>>

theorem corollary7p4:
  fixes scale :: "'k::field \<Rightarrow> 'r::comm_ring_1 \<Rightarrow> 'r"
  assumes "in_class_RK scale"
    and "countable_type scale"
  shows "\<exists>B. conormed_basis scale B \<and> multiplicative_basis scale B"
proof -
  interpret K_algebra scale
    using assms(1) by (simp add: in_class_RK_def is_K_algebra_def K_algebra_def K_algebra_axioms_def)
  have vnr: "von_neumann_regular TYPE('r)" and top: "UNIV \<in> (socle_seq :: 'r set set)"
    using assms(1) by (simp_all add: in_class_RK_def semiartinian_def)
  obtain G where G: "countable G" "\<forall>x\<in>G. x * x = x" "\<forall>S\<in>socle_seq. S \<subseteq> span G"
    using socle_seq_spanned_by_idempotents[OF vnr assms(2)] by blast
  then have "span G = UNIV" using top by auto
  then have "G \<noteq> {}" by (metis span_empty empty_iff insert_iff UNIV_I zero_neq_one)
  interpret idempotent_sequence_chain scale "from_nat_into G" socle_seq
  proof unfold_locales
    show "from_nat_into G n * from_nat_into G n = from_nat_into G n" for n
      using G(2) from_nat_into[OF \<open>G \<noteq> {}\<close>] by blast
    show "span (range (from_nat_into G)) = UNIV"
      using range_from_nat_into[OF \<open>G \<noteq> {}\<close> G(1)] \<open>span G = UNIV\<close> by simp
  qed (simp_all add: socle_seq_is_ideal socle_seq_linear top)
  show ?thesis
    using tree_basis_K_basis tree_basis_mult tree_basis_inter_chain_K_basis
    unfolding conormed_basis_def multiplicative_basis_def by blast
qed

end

<<
>>

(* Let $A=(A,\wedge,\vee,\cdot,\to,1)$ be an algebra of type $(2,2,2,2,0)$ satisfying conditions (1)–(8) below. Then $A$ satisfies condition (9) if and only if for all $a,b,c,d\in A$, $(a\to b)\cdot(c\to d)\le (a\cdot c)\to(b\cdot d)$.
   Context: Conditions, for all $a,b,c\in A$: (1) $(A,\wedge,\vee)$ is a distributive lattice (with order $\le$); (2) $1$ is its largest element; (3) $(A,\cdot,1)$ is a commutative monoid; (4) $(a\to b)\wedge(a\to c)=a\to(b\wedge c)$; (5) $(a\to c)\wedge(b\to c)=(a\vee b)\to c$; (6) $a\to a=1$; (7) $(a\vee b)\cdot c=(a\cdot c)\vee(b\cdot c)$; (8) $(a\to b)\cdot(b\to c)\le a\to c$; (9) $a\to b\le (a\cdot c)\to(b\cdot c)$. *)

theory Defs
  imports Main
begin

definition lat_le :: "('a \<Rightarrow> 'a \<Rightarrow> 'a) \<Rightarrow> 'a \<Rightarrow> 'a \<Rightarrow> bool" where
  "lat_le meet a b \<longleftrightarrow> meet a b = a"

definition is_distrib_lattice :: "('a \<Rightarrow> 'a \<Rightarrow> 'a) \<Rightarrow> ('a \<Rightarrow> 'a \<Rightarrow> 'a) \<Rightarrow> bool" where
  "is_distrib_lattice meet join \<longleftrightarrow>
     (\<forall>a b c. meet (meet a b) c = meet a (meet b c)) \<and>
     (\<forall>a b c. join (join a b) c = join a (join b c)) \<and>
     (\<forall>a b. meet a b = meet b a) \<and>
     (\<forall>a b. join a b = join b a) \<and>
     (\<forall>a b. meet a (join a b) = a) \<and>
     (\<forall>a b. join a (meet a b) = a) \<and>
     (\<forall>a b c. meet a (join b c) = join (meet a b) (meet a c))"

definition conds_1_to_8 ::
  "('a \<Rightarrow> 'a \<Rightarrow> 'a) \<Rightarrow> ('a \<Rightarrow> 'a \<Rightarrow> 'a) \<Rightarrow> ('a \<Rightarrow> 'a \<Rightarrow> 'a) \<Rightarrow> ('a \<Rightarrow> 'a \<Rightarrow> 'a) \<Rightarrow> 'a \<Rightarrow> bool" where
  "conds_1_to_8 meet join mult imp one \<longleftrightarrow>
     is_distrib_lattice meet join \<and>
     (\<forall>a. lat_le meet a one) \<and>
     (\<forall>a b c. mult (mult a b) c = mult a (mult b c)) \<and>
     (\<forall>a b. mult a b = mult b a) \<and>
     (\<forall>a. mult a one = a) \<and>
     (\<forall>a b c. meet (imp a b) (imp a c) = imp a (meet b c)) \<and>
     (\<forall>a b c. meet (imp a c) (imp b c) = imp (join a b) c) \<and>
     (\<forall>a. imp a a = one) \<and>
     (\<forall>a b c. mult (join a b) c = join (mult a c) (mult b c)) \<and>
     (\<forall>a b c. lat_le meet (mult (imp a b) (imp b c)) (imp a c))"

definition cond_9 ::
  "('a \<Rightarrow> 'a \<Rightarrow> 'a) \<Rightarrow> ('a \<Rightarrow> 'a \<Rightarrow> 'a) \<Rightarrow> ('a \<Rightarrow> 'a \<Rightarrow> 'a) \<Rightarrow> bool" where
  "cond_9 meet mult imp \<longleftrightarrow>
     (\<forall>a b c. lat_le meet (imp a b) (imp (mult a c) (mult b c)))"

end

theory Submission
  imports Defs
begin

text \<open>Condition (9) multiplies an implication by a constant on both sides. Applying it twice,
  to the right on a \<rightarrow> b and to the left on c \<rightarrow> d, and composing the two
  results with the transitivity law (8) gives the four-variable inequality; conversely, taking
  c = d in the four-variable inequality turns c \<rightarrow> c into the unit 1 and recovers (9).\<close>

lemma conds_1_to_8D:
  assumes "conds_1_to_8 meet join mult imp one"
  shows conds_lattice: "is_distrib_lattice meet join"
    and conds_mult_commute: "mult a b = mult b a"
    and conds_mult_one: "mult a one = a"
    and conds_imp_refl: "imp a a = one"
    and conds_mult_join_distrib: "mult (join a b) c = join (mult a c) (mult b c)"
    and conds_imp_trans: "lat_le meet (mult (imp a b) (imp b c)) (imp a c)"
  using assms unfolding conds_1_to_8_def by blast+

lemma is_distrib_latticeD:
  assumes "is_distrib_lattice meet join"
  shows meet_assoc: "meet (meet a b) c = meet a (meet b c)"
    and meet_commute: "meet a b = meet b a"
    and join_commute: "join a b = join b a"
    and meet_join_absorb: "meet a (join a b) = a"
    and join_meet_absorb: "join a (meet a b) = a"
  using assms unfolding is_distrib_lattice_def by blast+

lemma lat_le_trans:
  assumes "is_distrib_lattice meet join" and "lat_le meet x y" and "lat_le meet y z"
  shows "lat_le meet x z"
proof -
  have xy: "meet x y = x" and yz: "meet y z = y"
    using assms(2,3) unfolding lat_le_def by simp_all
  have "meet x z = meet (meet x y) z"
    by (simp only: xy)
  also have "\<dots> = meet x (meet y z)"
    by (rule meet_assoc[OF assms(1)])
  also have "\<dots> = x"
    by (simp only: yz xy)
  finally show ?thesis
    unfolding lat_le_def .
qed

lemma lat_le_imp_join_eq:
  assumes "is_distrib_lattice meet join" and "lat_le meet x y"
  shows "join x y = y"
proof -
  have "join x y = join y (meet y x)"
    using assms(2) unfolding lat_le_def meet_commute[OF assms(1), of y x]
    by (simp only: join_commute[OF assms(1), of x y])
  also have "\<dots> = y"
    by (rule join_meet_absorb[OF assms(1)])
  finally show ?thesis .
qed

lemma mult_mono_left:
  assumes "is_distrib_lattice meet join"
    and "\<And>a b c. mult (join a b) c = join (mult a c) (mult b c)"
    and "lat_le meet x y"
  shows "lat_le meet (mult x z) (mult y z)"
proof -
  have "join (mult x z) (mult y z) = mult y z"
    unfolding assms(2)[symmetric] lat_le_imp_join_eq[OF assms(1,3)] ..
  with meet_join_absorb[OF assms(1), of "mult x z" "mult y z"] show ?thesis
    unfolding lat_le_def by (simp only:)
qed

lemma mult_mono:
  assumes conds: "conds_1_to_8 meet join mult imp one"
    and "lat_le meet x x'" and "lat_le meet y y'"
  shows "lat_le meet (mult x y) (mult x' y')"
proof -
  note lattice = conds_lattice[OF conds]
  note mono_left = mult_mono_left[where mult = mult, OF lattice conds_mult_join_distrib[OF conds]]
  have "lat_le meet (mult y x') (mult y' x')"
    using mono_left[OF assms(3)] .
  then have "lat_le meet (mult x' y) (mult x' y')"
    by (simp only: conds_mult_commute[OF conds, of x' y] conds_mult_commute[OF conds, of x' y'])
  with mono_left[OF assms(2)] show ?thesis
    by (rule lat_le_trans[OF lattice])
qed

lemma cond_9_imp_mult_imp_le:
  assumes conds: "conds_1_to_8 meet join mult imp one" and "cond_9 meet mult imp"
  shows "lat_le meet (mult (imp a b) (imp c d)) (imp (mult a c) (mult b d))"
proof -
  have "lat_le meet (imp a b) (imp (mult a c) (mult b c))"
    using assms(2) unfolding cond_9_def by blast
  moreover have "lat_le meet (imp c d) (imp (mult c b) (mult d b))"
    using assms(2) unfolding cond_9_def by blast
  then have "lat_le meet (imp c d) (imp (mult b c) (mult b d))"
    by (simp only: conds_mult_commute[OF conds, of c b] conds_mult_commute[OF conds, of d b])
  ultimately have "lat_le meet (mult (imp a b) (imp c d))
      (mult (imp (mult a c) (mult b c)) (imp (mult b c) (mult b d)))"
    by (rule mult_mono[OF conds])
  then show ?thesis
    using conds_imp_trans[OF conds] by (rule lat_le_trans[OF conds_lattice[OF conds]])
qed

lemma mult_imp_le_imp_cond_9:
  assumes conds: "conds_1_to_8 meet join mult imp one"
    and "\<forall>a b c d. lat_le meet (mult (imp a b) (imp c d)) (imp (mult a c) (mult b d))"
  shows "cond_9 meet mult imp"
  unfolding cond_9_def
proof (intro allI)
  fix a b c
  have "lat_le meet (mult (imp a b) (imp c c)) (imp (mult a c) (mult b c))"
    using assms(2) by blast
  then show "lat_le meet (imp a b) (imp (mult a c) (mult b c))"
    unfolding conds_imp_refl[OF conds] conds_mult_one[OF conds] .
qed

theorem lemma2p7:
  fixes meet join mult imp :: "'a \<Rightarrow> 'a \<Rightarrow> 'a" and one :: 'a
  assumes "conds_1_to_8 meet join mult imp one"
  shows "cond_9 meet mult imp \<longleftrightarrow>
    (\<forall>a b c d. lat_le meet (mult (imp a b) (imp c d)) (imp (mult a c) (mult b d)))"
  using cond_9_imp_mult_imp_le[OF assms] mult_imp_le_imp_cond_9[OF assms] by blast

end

<<

Find the word "fixes" in the records. Copy every line it appears in.

#### [Task result]
  fixes scale :: "'k::field \<Rightarrow> 'r::comm_ring_1 \<Rightarrow> 'r"
  fixes meet join mult imp :: "'a \<Rightarrow> 'a \<Rightarrow> 'a" and one :: 'a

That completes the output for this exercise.